Sokakta yıllarını geçiren canlar biraz daha tecrübeli. Her mevsime özel sote yerleri, yemek veren tanıdık esnafları, su bulabilecekleri noktaları ezbere biliyorlar. Yine de zor geçiyor kurak yazlar ve soğuk kışlar. Karınlarını doyurup, hayatta kaldıkları her gün yeni bir zafer sayılıyor onlar için…
Bir de tecrübesiz olanlar var. Yazın bitimiyle kendini sokakta bulanlar. Mamaları önlerine verilirken, yumuşacık koltuklarda ve yataklarda yatarken, aniden terk edilenler…
Kimi şehir merkezlerine, kimi giderek ıssızlaşan yazlık yerlere bırakılıyorlar… Gönüllüler ancak yetişebildiklerine sahip çıkabiliyor.

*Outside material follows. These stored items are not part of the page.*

lemma stacked_placement_family:
  assumes fam: "placement_family E P r q \<Psi>"
  shows "placement_family ({..<k} \<times> E) P (k * r) q
    (\<lambda>(G, e) p. (G * r + fst (\<Psi> e p), snd (\<Psi> e p)))"
proof -
  let ?\<Phi> = "\<lambda>(G, e) p. (G * r + fst (\<Psi> e p), snd (\<Psi> e p))"
  have inj: "inj_on (\<lambda>(e, p). \<Psi> e p) (E \<times> P)"
    and sep: "\<And>e. e \<in> E \<Longrightarrow> separates_parts P (\<Psi> e)"
    using fam unfolding placement_family_def by auto
  note lt = placement_family_lt[OF fam]
  have "inj_on (\<lambda>(d, p). ?\<Phi> d p) (({..<k} \<times> E) \<times> P)"
  proof (rule inj_on_case_prod_TimesI)
    fix d p d' p' assume d: "d \<in> {..<k} \<times> E" "d' \<in> {..<k} \<times> E" and p: "p \<in> P" "p' \<in> P"
      and eq: "?\<Phi> d p = ?\<Phi> d' p'"
    obtain G e G' e' where d_def: "d = (G, e)" "d' = (G', e')" and e: "e \<in> E" "e' \<in> E"
      using d by blast
    have "G * r + fst (\<Psi> e p) = G' * r + fst (\<Psi> e' p')" using eq d_def by simp
    then have "G = G'" and "fst (\<Psi> e p) = fst (\<Psi> e' p')"
      using mult_add_less_mult_eqD lt(1)[OF e(1) p(1)] lt(1)[OF e(2) p(2)] by blast+
    moreover have "snd (\<Psi> e p) = snd (\<Psi> e' p')" using eq d_def by simp
    ultimately have "\<Psi> e p = \<Psi> e' p'" by (simp add: prod_eq_iff)
    then have "(e, p) = (e', p')" using inj_onD[OF inj, of "(e, p)" "(e', p')"] e p by simp
    with \<open>G = G'\<close> show "d = d' \<and> p = p'" unfolding d_def by simp
  qed
  moreover have "?\<Phi> d ` P \<subseteq> sh_vertices (k * r) q" if d: "d \<in> {..<k} \<times> E" for d
  proof (rule image_subsetI)
    fix p assume p: "p \<in> P"
    obtain G e where d_def: "d = (G, e)" and G: "G < k" and e: "e \<in> E" using d by blast
    have "G * r + fst (\<Psi> e p) < (G + 1) * r" using lt e p by simp
    also have "\<dots> \<le> k * r" using G by (intro mult_right_mono) auto
    finally show "?\<Phi> d p \<in> sh_vertices (k * r) q"
      using lt e p unfolding d_def sh_vertices_def by simp
  qed
  moreover have "separates_parts P (?\<Phi> d)" if "d \<in> {..<k} \<times> E" for d
    using sep that unfolding separates_parts_def by auto
  ultimately show ?thesis
    unfolding placement_family_def by blast
qed

lemma ex_perfect_matching_if_dvd:
  assumes pos: "\<forall>x\<in>set \<sigma>. 0 < x"
    and AB: "A \<inter> B = {}" "A \<union> B = {..<length \<sigma>}"
    and dvd: "(\<Sum>j\<in>A. \<sigma> ! j) dvd q" "(\<Sum>j\<in>B. \<sigma> ! j) dvd q" "sum_list \<sigma> dvd n"
  shows "\<exists>M. is_perfect_matching n (sum_list \<sigma>) q \<sigma> M"
proof -
  let ?r = "sum_list \<sigma>"
  obtain \<Psi> where block: "placement_family {..<q} (slots \<sigma>) ?r q \<Psi>"
    using block_placement_family[OF pos AB dvd(1,2)] by blast
  have n: "n div ?r * ?r = n" using dvd(3) by simp
  have fam: "placement_family ({..<n div ?r} \<times> {..<q}) (slots \<sigma>) n q
      (\<lambda>(G, e) p. (G * ?r + fst (\<Psi> e p), snd (\<Psi> e p)))"
    using stacked_placement_family[OF block, of "n div ?r"] unfolding n .
  have "card ({..<n div ?r} \<times> {..<q}) * ?r = (n div ?r * ?r) * q"
    by (simp add: card_cartesian_product ac_simps)
  then have card: "card ({..<n div ?r} \<times> {..<q}) * ?r = n * q" unfolding n .
  show ?thesis using perfect_matching_of_placement_family[OF pos fam card] by blast
qed
lemma nn_integral_sphere_measure:
  assumes g: "g \<in> borel_measurable (sphere_measure :: (real^'n) measure)"
  shows "(\<integral>\<^sup>+x. g x \<partial>sphere_measure) =
         ennreal (real CARD('n)) * (\<integral>\<^sup>+x. g (x /\<^sub>R norm x) * indicator (ball 0 1 - {0}) x \<partial>lborel)"
proof -
  let ?\<Omega> = "ball (0::real^'n) 1 - {0}"
  let ?N = "distr (restrict_space lborel ?\<Omega>) (restrict_space borel (sphere 0 1)) (\<lambda>x. x /\<^sub>R norm x)"
  have gS: "g \<in> borel_measurable (restrict_space borel (sphere (0::real^'n) 1))"
    using g by (simp add: measurable_cong_sets[OF sets_sphere_measure refl])
  have N: "(\<lambda>x. x /\<^sub>R norm x) \<in> measurable (restrict_space lborel ?\<Omega>) (restrict_space borel (sphere 0 1))"
    by (intro measurable_restrict_space2 measurable_restrict_space1) (auto simp: space_restrict_space)
  have "(\<integral>\<^sup>+x. g x \<partial>sphere_measure) = (\<integral>\<^sup>+x. ennreal (real CARD('n)) * g x \<partial>?N)"
    unfolding sphere_measure_def using gS by (subst nn_integral_density) auto
  also have "\<dots> = ennreal (real CARD('n)) * (\<integral>\<^sup>+x. g x \<partial>?N)"
    using gS by (subst nn_integral_cmult) auto
  also have "(\<integral>\<^sup>+x. g x \<partial>?N) = (\<integral>\<^sup>+x. g (x /\<^sub>R norm x) \<partial>restrict_space lborel ?\<Omega>)"
    using gS N by (subst nn_integral_distr) auto
  also have "\<dots> = (\<integral>\<^sup>+x. g (x /\<^sub>R norm x) * indicator ?\<Omega> x \<partial>lborel)"
    by (rule nn_integral_restrict_space) auto
  finally show ?thesis .
qed
text \<open>That is, \<open>\<partial>\<^sub>e (x\<^sub>e w) = w\<close> weakly if \<open>\<partial>\<^sub>e w = 0\<close>; test \<open>\<partial>\<^sub>e w = 0\<close> with \<open>x\<^sub>e \<psi>\<close>.\<close>
lemma weak_pd_coordinate_mult_identity:
  assumes "bounded \<Omega>" "\<Omega> \<in> sets lebesgue" "e \<in> Basis" "L2 \<Omega> w" "L2vec \<Omega> gw"
    and "weak_grad \<Omega> w gw" "(LINT x:\<Omega>|lebesgue. (gw x \<bullet> e)\<^sup>2) = 0" "test_fun \<Omega> \<psi>"
  shows "(LINT x:\<Omega>|lebesgue. w x * \<psi> x) + (LINT x:\<Omega>|lebesgue. ((x \<bullet> e) * w x) * pd e \<psi> x) = 0"
proof -
  have L2s: "L2 \<Omega> \<psi>" "L2 \<Omega> (pd e \<psi>)" "L2 \<Omega> (\<lambda>x. (x \<bullet> e) * w x)" "L2 \<Omega> (\<lambda>x. (x \<bullet> e) * \<psi> x)"
    "L2 \<Omega> (\<lambda>x. gw x \<bullet> e)"
    using assms by (auto intro: L2_continuous L2_coordinate_mult L2vec_inner_Basis
        test_fun_continuous test_fun_pd_continuous)
  have pd_coordinate: "pd e (\<lambda>y. (y \<bullet> e) * \<psi> y) x = \<psi> x + (x \<bullet> e) * pd e \<psi> x" for x
    using assms(3,8) by (simp add: pd_coordinate_mult test_fun_differentiable inner_Basis)
  have "(LINT x:\<Omega>|lebesgue. w x * \<psi> x) + (LINT x:\<Omega>|lebesgue. ((x \<bullet> e) * w x) * pd e \<psi> x)
      = (LINT x:\<Omega>|lebesgue. w x * \<psi> x + ((x \<bullet> e) * w x) * pd e \<psi> x)"
    using assms(2,4) L2s by (intro set_integral_add(2)[symmetric] L2_mult_integrable)
  also have "\<dots> = (LINT x:\<Omega>|lebesgue. w x * pd e (\<lambda>y. (y \<bullet> e) * \<psi> y) x)"
    unfolding pd_coordinate by (simp add: algebra_simps)
  also have "\<dots> = - (LINT x:\<Omega>|lebesgue. (gw x \<bullet> e) * ((x \<bullet> e) * \<psi> x))"
    using assms(3,6,8) test_fun_coordinate_mult unfolding weak_grad_def by blast
  also have "\<dots> = 0"
    using L2_integral_mult_eq_0[OF assms(2) L2s(4,5) assms(7)] by (simp add: mult.commute)
  finally show ?thesis .
qed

Şanssız olanlar ormanlık alanlara atılıyor. Burada ne yer, ne içerler diye düşünülmüyor.
Daha da bahtsız olanlar barınakta buluyor kendilerini. Bir gün birileri gelip onları sahiplenecek de, parmaklıklar ardından kurtulacaklar… Hani bizim için piyangoyu kazanma ihtimali neyse, onlar için de barınaktan ömürlük bir yuvaya gitme ihtimali neredeyse o işte.
***
Eğer siz de “keşke bir kedim, köpeğim olsa” diyorsanız; hazan mevsimi sahiplenmek için en doğru zaman.
Sokakta çaresizce nasıl yolunu bulacağını düşünen, barınakta umutsuzca özgürlüğü bekleyen ya da ormanda kaderine terk edilmiş bir canın piyangosu belki de siz olursunuz.
O zaman hem sizin için hem de sahiplendiğiniz can için hazan mevsimi hüzün mevsimi olmaktan çıkar, bayram olur.
***
Çeşmeli hayvanseverler haydi besleme grubuna!
HAYTAP İzmir Temsilcisi Esin Önder geçtiğimiz gün sosyal medyadan bir paylaşım yapmış; ben de onun paylaşımını bu sayfadan duyurup daha çok insana ulaşmasına aracı olayım istedim.
Önümüz kış. Biliyorsunuz, diğer tüm yazlık ilçelerde olduğu gibi Çeşme’de de sokak hayvanlarının besleme, kısırlaştırma ve bakımları için gönüllü çalışacak hayvanseverlere ihtiyaç var.
Son besleme etkinliğinden fotoğraflar paylaşarak herkese “Besleme ve Kısırlaştırma Grubu’na bekliyoruz” çağrısı yapan Esin hanımın mesajı şöyle devam ediyor:
“Besleme grubu bugün Derya Uçkun ve Özge Susur ile devam etti. 10 kilo tavuk-25 ekmek, Migros’tan alınan yoğurt ve sütler papara oldu. Grubumuza katılmak isteyenleri bekliyoruz. Amacımız sadece besleme değil tabii; kısırlaştırma için de çabalarımız var.
Bugün günlerdir yakalanmayan, kısır olmayan can için Belediye Veteriner ekibi ile buluşup, uyuşturucusuz yakaladık. İşbirliği olursa canlar refaha erer.”
***
Kedinizi Veteriner Hekimine Götürün
Kediler dokuz canlıdır, derler. Hepimiz bu sözü biliriz. Gerçekten de hayatta kalma içgüdüsü son derece gelişmiş, mucizevi kurtuluşlara imzasını atabilen hayvanlardır kediler.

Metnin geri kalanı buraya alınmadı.